All other ports were put into "stealth" mode.   You can do much more complicated things with it if you would like.   It's been around the block and used by a lot of people so I think it is very safe.

----------

## sschlueter

 *Mr. Hahn wrote:*   

> forgot to mention, I am planning on running an ssh, apache, and possibly an ftp server (and maybe even samba too if I can get the server and not just the client part working). I just don't want these to make me too vulnerable.

 

iptables can't help you in this case. If you want to run these services, ports 22, 80, 21 and 137-139 must be reachable.
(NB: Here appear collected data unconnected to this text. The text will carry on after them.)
text \<open>Preimage in C[G] of the subalgebra H^+[G][X^{+-1}] of H[G] = C[G]/I, X the image of m:
  the subalgebra of C[G] generated by I, all g + g^-1, m and m^-1.\<close>
inductive_set bh_plus_X :: "('g,'c) monoid_scheme \<Rightarrow> 'g \<Rightarrow> ('g \<Rightarrow> complex) set"
  for G :: "('g,'c) monoid_scheme" and m :: 'g where
  ideal: "a \<in> bh_ideal G \<Longrightarrow> a \<in> bh_plus_X G m"
| sym: "g \<in> carrier G \<Longrightarrow> fadd (delta g) (delta (inv\<^bsub>G\<^esub> g)) \<in> bh_plus_X G m"
| X: "delta m \<in> bh_plus_X G m"
| Xinv: "delta (inv\<^bsub>G\<^esub> m) \<in> bh_plus_X G m"
| one: "delta \<one>\<^bsub>G\<^esub> \<in> bh_plus_X G m"
| add: "a \<in> bh_plus_X G m \<Longrightarrow> b \<in> bh_plus_X G m \<Longrightarrow> fadd a b \<in> bh_plus_X G m"
| smult: "a \<in> bh_plus_X G m \<Longrightarrow> (\<lambda>x. c * a x) \<in> bh_plus_X G m"
| mult: "a \<in> bh_plus_X G m \<Longrightarrow> b \<in> bh_plus_X G m \<Longrightarrow> conv G a b \<in> bh_plus_X G m"

text \<open>Brumfiel--Hilden condition: the image Y of l in H[G] lies in H^+[G][X^{+-1}].\<close>
definition BH_condition :: "('g,'c) monoid_scheme \<Rightarrow> 'g \<Rightarrow> 'g \<Rightarrow> bool" where
  "BH_condition G m l \<longleftrightarrow> delta l \<in> bh_plus_X G m"

text \<open>Abstract stand-in for (knot group, meridian, longitude): a group with commuting m, l.\<close>
definition peripheral_pair :: "('g,'c) monoid_scheme \<Rightarrow> 'g \<Rightarrow> 'g \<Rightarrow> bool" where
  "peripheral_pair G m l \<longleftrightarrow> group G \<and> m \<in> carrier G \<and> l \<in> carrier G
      \<and> m \<otimes>\<^bsub>G\<^esub> l = l \<otimes>\<^bsub>G\<^esub> m"

end

theory Submission
  imports Defs
begin

text \<open>
  A group homomorphism \<open>f : H \<rightarrow> G\<close> extends linearly to an algebra homomorphism
  \<open>f\<^sub>* : \<complex>[H] \<rightarrow> \<complex>[G]\<close>, which sends the generators \<open>g(h + h\<^sup>-\<^sup>1) - (h + h\<^sup>-\<^sup>1)g\<close> of the
  Brumfiel--Hilden ideal of \<open>H\<close> to generators of the ideal of \<open>G\<close>, and each \<open>g + g\<^sup>-\<^sup>1\<close> to
  \<open>f g + (f g)\<^sup>-\<^sup>1\<close>. Hence \<open>f\<^sub>i\<^sub>*\<close> carries \<open>H\<^sup>+[\<pi>\<^sub>i][X\<^sub>i\<^sup>\<plusminus>\<^sup>1]\<close> into \<open>H\<^sup>+[\<pi>][X\<^sup>\<plusminus>\<^sup>1]\<close>, and
  the Brumfiel--Hilden condition for \<open>K\<^sub>i\<close> puts \<open>f\<^sub>i(l\<^sub>i) = l^d\<^sub>i\<close> into \<open>H\<^sup>+[\<pi>][X\<^sup>\<plusminus>\<^sup>1]\<close>.
  The exponents \<open>k\<close> with \<open>l^k\<close> in this subalgebra form a subgroup of \<open>\<int>\<close>, since the
  subalgebra is closed under products and \<open>g\<^sup>-\<^sup>1 = (g + g\<^sup>-\<^sup>1) - g\<close>. It contains all \<open>d\<^sub>i\<close>,
  hence \<open>1\<close>.
\<close>

section \<open>The group algebra\<close>

abbreviation supp :: "('g \<Rightarrow> complex) \<Rightarrow> 'g set" where
  "supp a \<equiv> {x. a x \<noteq> 0}"

lemma galg_iff: "a \<in> galg G \<longleftrightarrow> finite (supp a) \<and> supp a \<subseteq> carrier G"
  by (simp add: galg_def)

lemma galgI:
  assumes "supp a \<subseteq> S" "finite S" "S \<subseteq> carrier G"
  shows "a \<in> galg G"
  using assms finite_subset unfolding galg_iff by blast

lemma finite_supp_galg: "a \<in> galg G \<Longrightarrow> finite (supp a)"
  by (simp add: galg_iff)

lemma finite_supp_delta [simp]: "finite (supp (delta g))"
  by (simp add: delta_def)

lemma galg_delta: "g \<in> carrier G \<Longrightarrow> delta g \<in> galg G"
  by (auto simp: galg_iff delta_def)

lemma galg_zero: "(\<lambda>_. 0) \<in> galg G"
  by (simp add: galg_iff)

lemma galg_fadd: "a \<in> galg G \<Longrightarrow> b \<in> galg G \<Longrightarrow> fadd a b \<in> galg G"
  by (rule galgI[of _ "supp a \<union> supp b"]) (auto simp: fadd_def galg_iff)

lemma galg_fdiff: "a \<in> galg G \<Longrightarrow> b \<in> galg G \<Longrightarrow> fdiff a b \<in> galg G"
  by (rule galgI[of _ "supp a \<union> supp b"]) (auto simp: fdiff_def galg_iff)

lemma galg_smult: "a \<in> galg G \<Longrightarrow> (\<lambda>x. c * a x) \<in> galg G"
  by (rule galgI[of _ "supp a"]) (auto simp: galg_iff)

lemma (in group) conv_eq_double_sum:
  assumes "finite A" "finite B" "supp a \<subseteq> A" "supp b \<subseteq> B" "A \<subseteq> carrier G" "B \<subseteq> carrier G"
  shows "conv G a b x = (\<Sum>y\<in>A. \<Sum>z\<in>B. a y * b z * (if y \<otimes> z = x then 1 else 0))"
proof (cases "x \<in> carrier G")
  case True
  have inner: "(\<Sum>z\<in>B. a y * b z * (if y \<otimes> z = x then 1 else 0)) = a y * b (inv y \<otimes> x)"
    if y: "y \<in> carrier G" for y
  proof -
    have "y \<otimes> z = x \<longleftrightarrow> inv y \<otimes> x = z" if "z \<in> carrier G" for z
      using that y True by (metis inv_solve_left)
    then have "(\<Sum>z\<in>B. a y * b z * (if y \<otimes> z = x then 1 else 0))
        = (\<Sum>z\<in>B. if inv y \<otimes> x = z then a y * b z else 0)"
      by (intro sum.cong) (use assms(6) in auto)
    also have "\<dots> = a y * b (inv y \<otimes> x)"
      using assms(2,4) by auto
    finally show ?thesis .
  qed
  have "conv G a b x = (\<Sum>y\<in>supp a. a y * b (inv y \<otimes> x))"
    using True by (simp add: conv_def)
  also have "\<dots> = (\<Sum>y\<in>A. a y * b (inv y \<otimes> x))"
    by (rule sum.mono_neutral_left) (use assms(1,3) in auto)
  also have "\<dots> = (\<Sum>y\<in>A. \<Sum>z\<in>B. a y * b z * (if y \<otimes> z = x then 1 else 0))"
    by (rule sum.cong) (use inner assms(5) in auto)
  finally show ?thesis .
next
  case False
  then have "y \<otimes> z \<noteq> x" if "y \<in> A" "z \<in> B" for y z
    using that assms(5,6) by blast
  with False show ?thesis
    by (simp add: conv_def)
qed

lemma (in group) supp_conv_subset:
  assumes "a \<in> galg G" "b \<in> galg G"
  shows "supp (conv G a b) \<subseteq> (\<lambda>(y, z). y \<otimes> z) ` (supp a \<times> supp b)"
proof
  fix w assume w: "w \<in> supp (conv G a b)"
  have "conv G a b w = (\<Sum>y\<in>supp a. \<Sum>z\<in>supp b. a y * b z * (if y \<otimes> z = w then 1 else 0))"
    by (rule conv_eq_double_sum) (use assms in \<open>auto simp: galg_iff\<close>)
  with w have "(\<Sum>y\<in>supp a. \<Sum>z\<in>supp b. a y * b z * (if y \<otimes> z = w then 1 else 0)) \<noteq> 0"
    by simp
  then obtain y where "y \<in> supp a"
    and "(\<Sum>z\<in>supp b. a y * b z * (if y \<otimes> z = w then 1 else 0)) \<noteq> 0"
    by (rule sum.not_neutral_contains_not_neutral)
  from this(2) obtain z where "z \<in> supp b" "a y * b z * (if y \<otimes> z = w then 1 else 0) \<noteq> 0"
    by (rule sum.not_neutral_contains_not_neutral)
  then have "y \<in> supp a" "z \<in> supp b" "y \<otimes> z = w"
    using \<open>y \<in> supp a\<close> by (auto split: if_splits)
  then show "w \<in> (\<lambda>(y, z). y \<otimes> z) ` (supp a \<times> supp b)"
    by force
qed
If any of these services has a bug that allows an intruder to take over your machine, there's nothing that iptables can do to help you.

So make sure that you have no other listening ports apart from these, i.e. run exactly the services that you want to run, not more. Configure these services in a safe way and as restrictive as possible without losing important functionality and watch out for security vulnerabilities and patch/update your system fast.

----------

## Mr. Hahn

hmm I think I may just keep it down to ssh and apache.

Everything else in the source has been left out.